THE DATA:

(* Each (s)-set is the union of countably many DC graphs.
   Context: A function on an open interval is DC if it is the difference of two convex functions. A function defined on a nonempty set $D\subset\mathbb{R}$ is DCR if it is the restriction of a DC function defined on $\mathbb{R}$. A nonempty closed set $S\subset\mathbb{R}^2$ is an (s)-set if there exists $r>0$ such that (a) $S\subset\bigcup_{i=1}^k\operatorname{graph} f_i$ for some DCR functions $f_i:[0,r]\to\mathbb{R}$ with $f_i(0)=(f_i)'_+(0)=0$, and (b) $S=\bigcup_{h\in H}\operatorname{graph} h$ for some family $H$ of continuous functions on $[0,r]$. A set $P\subset\mathbb{R}^2$ is a DC graph if it is a rotated copy (rotation around the origin) of $\operatorname{graph} f$ for a DCR function $f$ on some nonempty compact (possibly degenerate) interval $I\subset\mathbb{R}$. *)

theory Defs
  imports "HOL-Analysis.Analysis"
begin

definition DC_on :: "real set \<Rightarrow> (real \<Rightarrow> real) \<Rightarrow> bool" where
  "DC_on I f \<longleftrightarrow> (\<exists>g h. convex_on I g \<and> convex_on I h \<and> (\<forall>x\<in>I. f x = g x - h x))"

definition DCR :: "real set \<Rightarrow> (real \<Rightarrow> real) \<Rightarrow> bool" where
  "DCR D f \<longleftrightarrow> D \<noteq> {} \<and> (\<exists>g. DC_on UNIV g \<and> (\<forall>x\<in>D. f x = g x))"

definition graph_on :: "real set \<Rightarrow> (real \<Rightarrow> real) \<Rightarrow> (real \<times> real) set" where
  "graph_on D f = {(x, f x) | x. x \<in> D}"

definition rot :: "real \<Rightarrow> real \<times> real \<Rightarrow> real \<times> real" where
  "rot t p = (cos t * fst p - sin t * snd p, sin t * fst p + cos t * snd p)"

definition s_set :: "(real \<times> real) set \<Rightarrow> bool" where
  "s_set S \<longleftrightarrow> S \<noteq> {} \<and> closed S \<and>
    (\<exists>r>0.
      (\<exists>F. finite F \<and>
          (\<forall>f\<in>F. DCR {0..r} f \<and> f 0 = 0 \<and> (f has_real_derivative 0) (at 0 within {0..r})) \<and>
          S \<subseteq> (\<Union>f\<in>F. graph_on {0..r} f)) \<and>
      (\<exists>H. (\<forall>h\<in>H. continuous_on {0..r} h) \<and> S = (\<Union>h\<in>H. graph_on {0..r} h)))"

definition DC_graph :: "(real \<times> real) set \<Rightarrow> bool" where
  "DC_graph P \<longleftrightarrow> (\<exists>t f a b. a \<le> b \<and> DCR {a..b} f \<and> P = rot t ` graph_on {a..b} f)"

end

theory Submission
  imports Defs
begin

text \<open>Every \<open>h \<in> H\<close> is a continuous selection of finitely many DC functions (DC extensions of
  the \<open>f\<^sub>i\<close>), and such a selection is DC: near each point it follows, on either side, a
  branch through that point, which lets one convex function built from the branches dominate
  all its second differences. For countability, a point \<open>(x0, h x0)\<close> is already fixed by the
  value of \<open>h\<close> at a nearby rational abscissa, so one selection for each rational \<open>q\<close> and each
  of the finitely many possible values at \<open>q\<close> covers \<open>S\<close>.\<close>

definition second_diff :: "(real \<Rightarrow> real) \<Rightarrow> real \<Rightarrow> real \<Rightarrow> real" where
  "second_diff \<phi> x t = \<phi> (x + t) + \<phi> (x - t) - 2 * \<phi> x"

lemma second_diff_add: "second_diff (\<lambda>y. f y + g y) x t = second_diff f x t + second_diff g x t"
  unfolding second_diff_def by simp

lemma second_diff_diff: "second_diff (\<lambda>y. f y - g y) x t = second_diff f x t - second_diff g x t"
  unfolding second_diff_def by simp

lemma second_diff_nonneg_if_convex:
  assumes "convex_on UNIV \<phi>"
  shows "0 \<le> second_diff \<phi> x t"
proof -
  have "\<phi> ((1 - 1/2) *\<^sub>R (x + t) + (1/2) *\<^sub>R (x - t)) \<le> (1 - 1/2) * \<phi> (x + t) + (1/2) * \<phi> (x - t)"
    by (rule convex_onD[OF assms]) auto
  moreover have "(1 - 1/2) *\<^sub>R (x + t) + (1/2) *\<^sub>R (x - t) = x"
    by (simp add: field_simps)
  ultimately show ?thesis
    unfolding second_diff_def by simp
qed

lemma second_diff_le_sum:
  assumes "finite I" "i \<in> I" "\<forall>j\<in>I. convex_on UNIV (f j)"
  shows "second_diff (f i) x t \<le> second_diff (\<lambda>y. \<Sum>j\<in>I. f j y) x t"
proof -
  have "second_diff (\<lambda>y. \<Sum>j\<in>I. f j y) x t = (\<Sum>j\<in>I. second_diff (f j) x t)"
    unfolding second_diff_def by (simp add: sum.distrib sum_subtractf sum_distrib_left)
  also have "second_diff (f i) x t \<le> \<dots>"
    using assms second_diff_nonneg_if_convex by (intro member_le_sum) auto
  finally show ?thesis .
qed

lemma convex_on_max:
  assumes "convex_on S f" "convex_on S g"
  shows "convex_on S (\<lambda>x. max (f x) (g x))"
  using assms unfolding convex_on_def
proof (intro conjI ballI allI impI, goal_cases)
  case 1
  then show ?case by simp
next
  case (2 x y u v)
  have "f (u *\<^sub>R x + v *\<^sub>R y) \<le> u * f x + v * f y" "g (u *\<^sub>R x + v *\<^sub>R y) \<le> u * g x + v * g y"
    using 2 by blast+
  moreover have "u * f x + v * f y \<le> u * max (f x) (g x) + v * max (f y) (g y)"
    "u * g x + v * g y \<le> u * max (f x) (g x) + v * max (f y) (g y)"
    using 2 by (intro add_mono mult_left_mono; simp)+
  ultimately show ?case by simp
qed

lemma convex_on_sum_functions:
  assumes "convex S" "finite I" "\<forall>i\<in>I. convex_on S (f i)"
  shows "convex_on S (\<lambda>x. \<Sum>i\<in>I. f i x)"
  using assms(2,3)
proof (induction I rule: finite_induct)
  case empty
  then show ?case using assms(1) by (simp add: convex_on_const)
next
  case (insert a I)
  then show ?case by (simp add: convex_on_add)
qed

lemma abs_diff_le_second_diff_max:
  assumes "convex_on UNIV U" "convex_on UNIV V" "U x = V x"
  shows "\<bar>U (x + t) - V (x + t)\<bar> \<le> second_diff (\<lambda>y. 2 * max (U y) (V y)) x t"
proof -
  have "\<bar>U (x + t) - V (x + t)\<bar> + second_diff U x t + second_diff V x t
      \<le> second_diff (\<lambda>y. 2 * max (U y) (V y)) x t"
    using assms(3) unfolding second_diff_def by (simp add: max_def abs_if)
  then show ?thesis
    using second_diff_nonneg_if_convex[OF assms(1), of x t]
      second_diff_nonneg_if_convex[OF assms(2), of x t]
    by linarith
qed

text \<open>Otherwise, at the leftmost maximiser the left neighbour is strictly smaller and the right
  one not larger, contradicting the midpoint inequality.\<close>
lemma local_midpoint_convex_max_principle:
  assumes "a \<le> b" "continuous_on {a..b} \<phi>"
    and loc: "\<forall>x\<in>{a<..<b}. \<forall>\<^sub>F t in at_right 0. 0 \<le> second_diff \<phi> x t"
    and "z \<in> {a..b}"
  shows "\<phi> z \<le> max (\<phi> a) (\<phi> b)"
proof (rule ccontr)
  assume z: "\<not> ?thesis"
  obtain xm where xm: "xm \<in> {a..b}" "\<forall>y\<in>{a..b}. \<phi> y \<le> \<phi> xm"
    using continuous_attains_sup[OF compact_Icc _ assms(2)] assms(1) by auto
  define M where "M = {y \<in> {a..b}. \<phi> y = \<phi> xm}"
  have "closed M"
    unfolding M_def by (rule continuous_closed_preimage_constant[OF assms(2) closed_atLeastAtMost])
  then have "compact M"
    unfolding compact_eq_bounded_closed M_def
    by (auto intro: bounded_subset[OF bounded_closed_interval])
  then obtain x0 where x0: "x0 \<in> M" "\<forall>y\<in>M. x0 \<le> y"
    using compact_attains_inf[of M] xm unfolding M_def by blast
  have "\<phi> a < \<phi> x0" "\<phi> b < \<phi> x0"
    using z xm x0(1) assms(1,4) unfolding M_def by force+
  then have x0_in: "x0 \<in> {a<..<b}"
    using x0(1) unfolding M_def by (auto simp: less_le)
  obtain d where "d > 0" and d: "\<forall>t>0. t < d \<longrightarrow> 0 \<le> second_diff \<phi> x0 t"
    using loc[rule_format, OF x0_in] unfolding eventually_at_right_field by auto
  define m where "m = min d (min (x0 - a) (b - x0))"
  have "0 < m" "m \<le> d" "m \<le> x0 - a" "m \<le> b - x0"
    unfolding m_def using \<open>d > 0\<close> x0_in by auto
  define t where "t = m / 2"
  have t: "0 < t" "t < d" "a \<le> x0 - t" "x0 + t \<le> b"
    unfolding t_def using \<open>0 < m\<close> \<open>m \<le> d\<close> \<open>m \<le> x0 - a\<close> \<open>m \<le> b - x0\<close> by auto
  have "\<phi> (x0 + t) \<le> \<phi> x0" "\<phi> (x0 - t) \<le> \<phi> x0"
    using xm(2) x0(1) t unfolding M_def by auto
  moreover have "\<phi> (x0 - t) \<noteq> \<phi> x0"
    using x0 t unfolding M_def by force
  ultimately have "second_diff \<phi> x0 t < 0"
    unfolding second_diff_def by linarith
  with d t show False by force
qed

ABOUT THIS EXERCISE: Exactly the lines from the one holding "- t) \<noteq>" through the end of the data are to be repeated, with both ends included.

EXERCISE ANSWER:
  moreover have "\<phi> (x0 - t) \<noteq> \<phi> x0"
    using x0 t unfolding M_def by force
  ultimately have "second_diff \<phi> x0 t < 0"
    unfolding second_diff_def by linarith
  with d t show False by force
qed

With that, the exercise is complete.